Every line from the one with "(\<exists>\<phi>\<in>F (generate G" to the one with "(\<exists>H K. H", including those two, is to be copied exactly; all other lines of the entries below are left out.

(Collected data entries)
******

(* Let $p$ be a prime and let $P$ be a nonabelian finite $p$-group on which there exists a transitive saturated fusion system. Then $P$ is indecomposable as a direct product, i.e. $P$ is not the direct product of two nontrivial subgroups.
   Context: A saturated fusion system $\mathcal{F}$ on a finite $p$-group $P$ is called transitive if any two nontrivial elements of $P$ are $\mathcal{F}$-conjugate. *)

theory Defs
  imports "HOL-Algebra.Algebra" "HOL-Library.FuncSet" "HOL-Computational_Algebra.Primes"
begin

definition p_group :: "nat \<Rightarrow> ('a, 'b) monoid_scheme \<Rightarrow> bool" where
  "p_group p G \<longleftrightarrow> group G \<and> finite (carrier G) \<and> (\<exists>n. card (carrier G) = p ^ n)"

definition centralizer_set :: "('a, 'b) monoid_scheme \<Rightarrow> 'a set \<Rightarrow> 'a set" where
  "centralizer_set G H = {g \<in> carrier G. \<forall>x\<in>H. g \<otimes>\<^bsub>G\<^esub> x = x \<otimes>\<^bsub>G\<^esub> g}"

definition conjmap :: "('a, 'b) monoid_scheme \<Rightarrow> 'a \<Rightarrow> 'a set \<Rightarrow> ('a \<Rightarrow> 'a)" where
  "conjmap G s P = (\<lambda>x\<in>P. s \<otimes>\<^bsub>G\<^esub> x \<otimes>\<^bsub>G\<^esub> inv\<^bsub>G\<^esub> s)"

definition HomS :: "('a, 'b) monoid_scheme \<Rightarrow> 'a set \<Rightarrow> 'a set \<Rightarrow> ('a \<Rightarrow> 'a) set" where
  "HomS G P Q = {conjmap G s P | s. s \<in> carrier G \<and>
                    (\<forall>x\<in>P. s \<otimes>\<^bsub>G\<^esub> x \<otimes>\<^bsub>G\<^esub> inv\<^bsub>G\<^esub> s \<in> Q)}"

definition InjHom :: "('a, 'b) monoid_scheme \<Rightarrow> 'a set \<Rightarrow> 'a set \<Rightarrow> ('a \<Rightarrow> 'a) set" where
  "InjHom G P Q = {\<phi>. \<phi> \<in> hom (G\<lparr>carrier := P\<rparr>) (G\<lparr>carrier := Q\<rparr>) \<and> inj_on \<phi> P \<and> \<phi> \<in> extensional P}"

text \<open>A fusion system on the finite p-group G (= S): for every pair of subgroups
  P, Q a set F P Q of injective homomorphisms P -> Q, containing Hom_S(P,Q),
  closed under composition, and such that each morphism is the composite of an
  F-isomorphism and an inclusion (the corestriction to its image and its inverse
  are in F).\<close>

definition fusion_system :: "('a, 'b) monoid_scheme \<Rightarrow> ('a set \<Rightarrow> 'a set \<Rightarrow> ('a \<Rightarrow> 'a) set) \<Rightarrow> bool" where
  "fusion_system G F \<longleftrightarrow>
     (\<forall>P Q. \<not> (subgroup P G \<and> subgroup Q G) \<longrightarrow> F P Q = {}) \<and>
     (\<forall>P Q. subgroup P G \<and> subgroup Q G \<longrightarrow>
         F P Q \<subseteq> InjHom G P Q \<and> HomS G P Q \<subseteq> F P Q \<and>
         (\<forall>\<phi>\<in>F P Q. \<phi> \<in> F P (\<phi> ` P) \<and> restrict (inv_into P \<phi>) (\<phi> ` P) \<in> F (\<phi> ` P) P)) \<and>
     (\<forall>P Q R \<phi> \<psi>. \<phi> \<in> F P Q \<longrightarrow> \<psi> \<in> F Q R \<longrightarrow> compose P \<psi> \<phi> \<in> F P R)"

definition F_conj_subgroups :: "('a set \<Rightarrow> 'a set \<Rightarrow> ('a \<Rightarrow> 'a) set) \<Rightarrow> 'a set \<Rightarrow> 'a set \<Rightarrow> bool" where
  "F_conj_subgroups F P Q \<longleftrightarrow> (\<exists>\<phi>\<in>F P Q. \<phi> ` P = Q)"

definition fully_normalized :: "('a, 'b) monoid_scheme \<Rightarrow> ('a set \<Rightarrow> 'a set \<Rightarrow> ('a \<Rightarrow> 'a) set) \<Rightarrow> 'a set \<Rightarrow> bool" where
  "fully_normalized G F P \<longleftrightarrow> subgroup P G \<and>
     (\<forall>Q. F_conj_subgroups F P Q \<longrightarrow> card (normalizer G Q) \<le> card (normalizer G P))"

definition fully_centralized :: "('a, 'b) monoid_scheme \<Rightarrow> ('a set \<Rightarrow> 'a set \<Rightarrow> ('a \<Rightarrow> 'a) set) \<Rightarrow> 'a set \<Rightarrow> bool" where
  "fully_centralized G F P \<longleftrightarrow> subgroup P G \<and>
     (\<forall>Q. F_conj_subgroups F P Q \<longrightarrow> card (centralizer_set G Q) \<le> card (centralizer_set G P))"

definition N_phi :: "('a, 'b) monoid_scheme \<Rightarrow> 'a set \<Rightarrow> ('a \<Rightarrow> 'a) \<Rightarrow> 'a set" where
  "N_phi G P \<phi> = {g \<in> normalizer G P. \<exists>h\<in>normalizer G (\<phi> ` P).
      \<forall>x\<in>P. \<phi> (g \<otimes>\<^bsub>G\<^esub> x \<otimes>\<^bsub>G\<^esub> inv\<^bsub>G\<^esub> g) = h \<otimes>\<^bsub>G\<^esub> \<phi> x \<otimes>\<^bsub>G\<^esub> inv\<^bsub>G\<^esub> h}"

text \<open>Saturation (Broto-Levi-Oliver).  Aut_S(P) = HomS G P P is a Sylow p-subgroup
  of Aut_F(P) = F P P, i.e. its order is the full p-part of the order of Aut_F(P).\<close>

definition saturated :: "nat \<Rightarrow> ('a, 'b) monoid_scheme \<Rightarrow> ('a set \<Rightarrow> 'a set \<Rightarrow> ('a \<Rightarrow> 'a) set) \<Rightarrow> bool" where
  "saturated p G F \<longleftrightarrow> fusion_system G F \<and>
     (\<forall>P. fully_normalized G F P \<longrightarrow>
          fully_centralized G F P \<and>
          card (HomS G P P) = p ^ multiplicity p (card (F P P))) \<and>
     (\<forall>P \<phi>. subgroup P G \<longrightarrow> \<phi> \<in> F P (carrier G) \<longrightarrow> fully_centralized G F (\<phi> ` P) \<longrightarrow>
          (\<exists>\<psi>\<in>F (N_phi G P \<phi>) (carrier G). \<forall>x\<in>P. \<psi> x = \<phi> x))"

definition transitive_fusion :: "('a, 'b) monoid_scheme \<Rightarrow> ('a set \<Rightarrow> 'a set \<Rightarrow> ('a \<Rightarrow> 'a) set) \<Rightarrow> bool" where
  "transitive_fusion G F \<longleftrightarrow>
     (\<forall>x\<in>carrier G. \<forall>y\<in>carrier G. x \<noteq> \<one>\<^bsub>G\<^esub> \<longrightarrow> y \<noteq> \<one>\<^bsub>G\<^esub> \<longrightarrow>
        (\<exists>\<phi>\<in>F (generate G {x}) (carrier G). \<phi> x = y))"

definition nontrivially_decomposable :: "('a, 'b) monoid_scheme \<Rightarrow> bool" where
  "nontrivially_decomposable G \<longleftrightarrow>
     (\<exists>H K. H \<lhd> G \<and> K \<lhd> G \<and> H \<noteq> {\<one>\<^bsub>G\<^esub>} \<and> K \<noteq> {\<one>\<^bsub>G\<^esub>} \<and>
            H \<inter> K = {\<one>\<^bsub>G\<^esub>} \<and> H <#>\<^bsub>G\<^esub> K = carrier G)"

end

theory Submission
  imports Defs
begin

******

- **SOLUTION**
        (\<exists>\<phi>\<in>F (generate G {x}) (carrier G). \<phi> x = y))"

definition nontrivially_decomposable :: "('a, 'b) monoid_scheme \<Rightarrow> bool" where
  "nontrivially_decomposable G \<longleftrightarrow>
     (\<exists>H K. H \<lhd> G \<and> K \<lhd> G \<and> H \<noteq> {\<one>\<^bsub>G\<^esub>} \<and> K \<noteq> {\<one>\<^bsub>G\<^esub>} \<and>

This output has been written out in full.